## Problem to solve
Both the line with "k) x (cd_conj" and the line with "cd_norm mu gam (Suc k) (cd_conj" in the records below must appear in the output, along with every line between them, exactly and with nothing added.

## Data to process
lemma cd_conj_mult_self:
  "x \<in> cd_carrier (Suc k) \<Longrightarrow>
   cd_mult mu gam (Suc k) (cd_conj (Suc k) x) x = cd_const (cd_norm mu gam (Suc k) (x::'a::field cd))"
proof (induction k arbitrary: x)
  case 0
  then show ?case by (auto simp: fun_eq_iff cd_carrier_def cd_const_def cd_norm_def algebra_simps)
next
  case (Suc k)
  obtain a b where x: "x = cd_join (Suc k) a b" and ab: "a \<in> cd_carrier (Suc k)" "b \<in> cd_carrier (Suc k)"
    using Suc.prems by (rule cd_carrier_SucE)
  have "cd_mult mu gam (Suc (Suc k)) (cd_conj (Suc (Suc k)) x) x =
    cd_join (Suc k) (\<lambda>i. cd_const (cd_norm mu gam (Suc k) a) i - gam (Suc k) * cd_const (cd_norm mu gam (Suc k) b) i) (\<lambda>i. 0)"
    unfolding x by (simp add: cd_conj_join cd_mult_join ab cd_mult_neg_left cd_mult_neg_right Suc.IH)
  also have "\<dots> = cd_const (cd_norm mu gam (Suc (Suc k)) x)"
    unfolding x by (simp add: cd_norm_join ab) (auto simp: cd_join_def cd_const_def fun_eq_iff)
  finally show ?case .
qed

lemma cd_conj_eq_tr_diff:
  assumes "x \<in> cd_carrier (Suc k)"
  shows "cd_conj (Suc k) (x::'a::field cd) = (\<lambda>i. cd_const (cd_tr (Suc k) x) i - x i)"
proof
  fix i
  have "x i + cd_conj (Suc k) x i = cd_const (cd_tr (Suc k) x) i"
    using fun_cong[OF cd_add_conj[OF assms], of i] by simp
  then show "cd_conj (Suc k) x i = cd_const (cd_tr (Suc k) x) i - x i"
    by (simp add: eq_diff_eq add.commute)
qed

lemma cd_mult_self:
  assumes "x \<in> cd_carrier (Suc k)"
  shows "cd_mult mu gam (Suc k) x x =
    (\<lambda>i. cd_tr (Suc k) x * x i - cd_const (cd_norm mu gam (Suc k) (x::'a::field cd)) i)"
proof -
  have "cd_const (cd_norm mu gam (Suc k) x) = cd_mult mu gam (Suc k) (cd_conj (Suc k) x) x"
    using assms by (rule cd_conj_mult_self[symmetric])
  also have "\<dots> = (\<lambda>i. cd_tr (Suc k) x * x i - cd_mult mu gam (Suc k) x x i)"
    using assms by (simp add: cd_conj_eq_tr_diff cd_mult_diff_left cd_mult_const)
  finally show ?thesis by (auto simp: fun_eq_iff dest: fun_cong)
qed

lemma cd_mult_conj_self:
  assumes "x \<in> cd_carrier (Suc k)"
  shows "cd_mult mu gam (Suc k) x (cd_conj (Suc k) x) = cd_const (cd_norm mu gam (Suc k) (x::'a::field cd))"
  using assms by (simp add: cd_conj_eq_tr_diff cd_mult_diff_right cd_mult_const cd_mult_self)

lemma cd_tr_conj:
  "x \<in> cd_carrier (Suc k) \<Longrightarrow> cd_tr (Suc k) (cd_conj (Suc k) x) = cd_tr (Suc k) (x::'a::field cd)"
  by (simp add: cd_tr_def cd_add_def cd_conj_conj)

lemma cd_norm_conj:
  "x \<in> cd_carrier (Suc k) \<Longrightarrow>
   cd_norm mu gam (Suc k) (cd_conj (Suc k) x) = cd_norm mu gam (Suc k) (x::'a::field cd)"
  by (simp add: cd_norm_def cd_conj_conj cd_mult_conj_self) (simp add: cd_const_def)

section \<open>The subalgebra \<open>A\<^sub>1\<close>\<close>

definition norm1 :: "'a::field \<Rightarrow> 'a \<Rightarrow> 'a \<Rightarrow> 'a" where
  "norm1 mu u v = u * u + u * v - mu * (v * v)"

lemma cd_conj_Suc0_emb:
  "x \<in> cd_carrier (Suc 0) \<Longrightarrow> cd_conj (Suc k) (x::'a::field cd) = cd_conj (Suc 0) x"
proof (induction k)
  case (Suc k)
  have "x \<in> cd_carrier (Suc k)" "cd_conj (Suc 0) x \<in> cd_carrier (Suc k)"
    using Suc.prems cd_carrier_Suc0_le cd_conj_carrier by blast+
  then show ?case
    using Suc cd_conj_join[of x k "\<lambda>i. 0"] by (simp add: cd_join_zero)
qed simp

## Exercise response
  shows "cd_mult mu gam (Suc k) x (cd_conj (Suc k) x) = cd_const (cd_norm mu gam (Suc k) (x::'a::field cd))"
  using assms by (simp add: cd_conj_eq_tr_diff cd_mult_diff_right cd_mult_const cd_mult_self)

lemma cd_tr_conj:
  "x \<in> cd_carrier (Suc k) \<Longrightarrow> cd_tr (Suc k) (cd_conj (Suc k) x) = cd_tr (Suc k) (x::'a::field cd)"
  by (simp add: cd_tr_def cd_add_def cd_conj_conj)

lemma cd_norm_conj:
  "x \<in> cd_carrier (Suc k) \<Longrightarrow>
   cd_norm mu gam (Suc k) (cd_conj (Suc k) x) = cd_norm mu gam (Suc k) (x::'a::field cd)"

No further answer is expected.